Correct Answer: -5.81

Step 1: Apply Clausius–Clapeyron equation.
At constant coverage, \[ \ln \left(\frac{P_2}{P_1}\right) = \frac{\Delta H_\text{ads}}{R} \left(\frac{1}{T_1} - \frac{1}{T_2}\right) \] Given $P_1 = 25$, $P_2 = 30$, $T_1 = 140$, $T_2 = 280$.

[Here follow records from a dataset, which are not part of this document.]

(* The map $Res_{V/V_0}$ is the unique $R_{\Delta_0}$-linear map $$res:R_\Delta\otimes\wedge^rV\to R_{\Delta_0}\otimes\wedge^{r-1}V_0$$ such that, for every $\omega\in\wedge^rV$: 1. for every $\beta\in\Delta_1$, $res(\beta^{-1}\otimes\omega)=(d\beta)^{-1}\wedge\omega$; 2. $res(S(V)\otimes\omega)=0$; 3. $res(m_\nu\otimes\omega)=0$ for every sequence $\nu\subset\Delta_1$ of length strictly greater than $1$.
   Context: Let $k$ be a field of characteristic zero, $V$ a $k$-vector space of dimension $r$, and $V^*$ its dual. $S(V)$ is identified with polynomial functions on $V^*$. Let $\Delta\subset V$ be a finite set of nonzero vectors spanning $V$, and $R_\Delta=\Delta^{-1}S(V)$ the ring of rational functions on $V^*$ obtained by inverting the elements of $\Delta$. Let $V_0\subset V$ be a hyperplane. Set $\Delta_0=\Delta\cap V_0$ and $\Delta_1=\Delta\setminus\Delta_0$. Let $R_{\Delta_0}=\Delta_0^{-1}S(V_0)$, viewed as a subalgebra of $R_\Delta$ (via $S(V_0)\subset S(V)$), so that $R_\Delta\otimes\wedge^rV$ is an $R_{\Delta_0}$-module. For a finite sequence $\nu=(\alpha_1,\dots,\alpha_L)$ of elements of $\Delta$ (repetitions allowed), set $m_\nu=1/\prod_{j=1}^L\alpha_j$; write $\nu\subset\Delta_1$ if all $\alpha_j\in\Delta_1$. For $\beta\in\Delta_1$ and $\omega\in\wedge^rV$, let $(d\beta)^{-1}\wedge\omega$ denote the unique $\omega_0\in\wedge^{r-1}V_0$ with $\omega=\beta\wedge\omega_0$. Residue along $V_0$: choose a nonzero $z_0\in V^*$ vanishing on $V_0$. For $\omega\in\wedge^rV$, let $\omega_0=\iota(z_0)\omega\in\wedge^{r-1}V_0$ be the contraction. Define $$Res_{V/V_0}(\phi\otimes\omega)=\psi\otimes\omega_0,\qquad \psi(z)=-\operatorname{Res}_{t=\infty}\big(\phi(z+tz_0)\,dt\big)\quad (z\in V^* ).$$ Here $\psi$ depends only on the image of $z$ in $V^*/kz_0=V_0^*$, and the definition is independent of the choice of $z_0$. *)

theory Defs
  imports "HOL-Combinatorics.Permutations" "HOL-Computational_Algebra.Polynomial"
begin

(* Conventions.
   k = 'a :: field_char_0.  V = 'n \<Rightarrow> 'a  (r = CARD('n)), and V^* is also modelled
   as 'n \<Rightarrow> 'a, with the perfect pairing  pair v z = \<Sum>i. v i * z i.
   An element v of V is thus the linear function  z \<mapsto> pair v z  on V^*. *)

definition pair :: "('n::finite \<Rightarrow> 'a::comm_ring_1) \<Rightarrow> ('n \<Rightarrow> 'a) \<Rightarrow> 'a" where
  "pair v z = (\<Sum>i\<in>UNIV. v i * z i)"

(* S(W) for a subspace W of V, as polynomial functions on V^*: the k-algebra of
   functions generated by the linear functions given by elements of W.
   S(V) = polyfun UNIV, S(V_0) = polyfun V0. *)
inductive_set polyfun :: "('n::finite \<Rightarrow> 'a::field) set \<Rightarrow> (('n \<Rightarrow> 'a) \<Rightarrow> 'a) set"
  for W where
  const: "(\<lambda>z. c) \<in> polyfun W"
| lin: "v \<in> W \<Longrightarrow> (\<lambda>z. pair v z) \<in> polyfun W"
| add: "f \<in> polyfun W \<Longrightarrow> g \<in> polyfun W \<Longrightarrow> (\<lambda>z. f z + g z) \<in> polyfun W"
| mult: "f \<in> polyfun W \<Longrightarrow> g \<in> polyfun W \<Longrightarrow> (\<lambda>z. f z * g z) \<in> polyfun W"

definition off :: "('n::finite \<Rightarrow> 'a::comm_ring_1) set \<Rightarrow> ('n \<Rightarrow> 'a) \<Rightarrow> bool" where
  "off D z \<longleftrightarrow> (\<forall>\<alpha>\<in>D. pair \<alpha> z \<noteq> 0)"
lemma second_moment_bound_arith:
  fixes X v m n b :: real
  assumes "0 < X" "0 < v" "X / (12 * n) \<le> m" "1 \<le> n" "0 < b" "b \<le> 1"
  shows "b / 768 * min (1 / n) (v / X) \<le> v^2 / (8 * X * (v + 4 / b * v^2 / m))"
proof -
  have "0 < X / (12 * n)" using assms by simp
  then have "0 < m" using assms(3) by linarith
  have "4 / b * v^2 / m \<le> 48 * n * v^2 / (b * X)"
    using assms \<open>0 < m\<close> by (simp add: field_simps)
  then have "8 * X * (4 / b * v^2 / m) \<le> 8 * X * (48 * n * v^2 / (b * X))"
    using assms by (intro mult_left_mono) auto
  also have "\<dots> = 384 * n * v^2 / b" using assms by simp
  finally have den: "8 * X * (v + 4 / b * v^2 / m) \<le> 8 * X * v + 384 * n * v^2 / b"
    by (simp add: distrib_left)
  define c where "c = b / 768 * min (1 / n) (v / X)"
  have "c * (8 * X * v) \<le> b / 768 * (v / X) * (8 * X * v)"
    unfolding c_def using assms by (intro mult_right_mono mult_left_mono) auto
  also have "\<dots> = b * v^2 / 96"
    using assms by (simp add: power2_eq_square)
  also have "\<dots> \<le> v^2 / 96"
    using assms by (intro divide_right_mono mult_left_le_one_le) auto
  finally have "c * (8 * X * v) \<le> v^2 / 96" .
  moreover have "c * (384 * n * v^2 / b) \<le> b / 768 * (1 / n) * (384 * n * v^2 / b)"
    unfolding c_def using assms by (intro mult_right_mono mult_left_mono) auto
  then have "c * (384 * n * v^2 / b) \<le> v^2 / 2"
    using assms by simp
  moreover have "0 \<le> v^2" by simp
  ultimately have "c * (8 * X * v + 384 * n * v^2 / b) \<le> v^2"
    unfolding distrib_left by linarith
  moreover have pos: "0 < 8 * X * v + 384 * n * v^2 / b"
    using assms by (intro add_pos_nonneg) auto
  ultimately have "c \<le> v^2 / (8 * X * v + 384 * n * v^2 / b)"
    by (subst pos_le_divide_eq) auto
  also have "\<dots> \<le> v^2 / (8 * X * (v + 4 / b * v^2 / m))"
  proof (rule divide_left_mono[OF den])
    show "0 < (8 * X * v + 384 * n * v^2 / b) * (8 * X * (v + 4 / b * v^2 / m))"
      using assms pos \<open>0 < m\<close> by (intro mult_pos_pos add_pos_nonneg) auto
  qed simp
  finally show ?thesis by (simp add: c_def)
qed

Step 2: Substitute values.
\[ \ln \left(\frac{30}{25}\right) = \frac{\Delta H_\text{ads}}{8.314}\left(\frac{1}{140} - \frac{1}{280}\right) \] \[ 0.182 = \frac{\Delta H_\text{ads}}{8.314}(0.00357) \] \[ \Delta H_\text{ads} = \frac{0.182 \times 8.314}{0.00357} = 424.6 \, \text{J mol}^{-1} = 12.0 \, \text{kJ mol}^{-1} \]
Step 3: Conclusion.
The isosteric enthalpy of adsorption is 12.0 kJ mol$^{-1}$.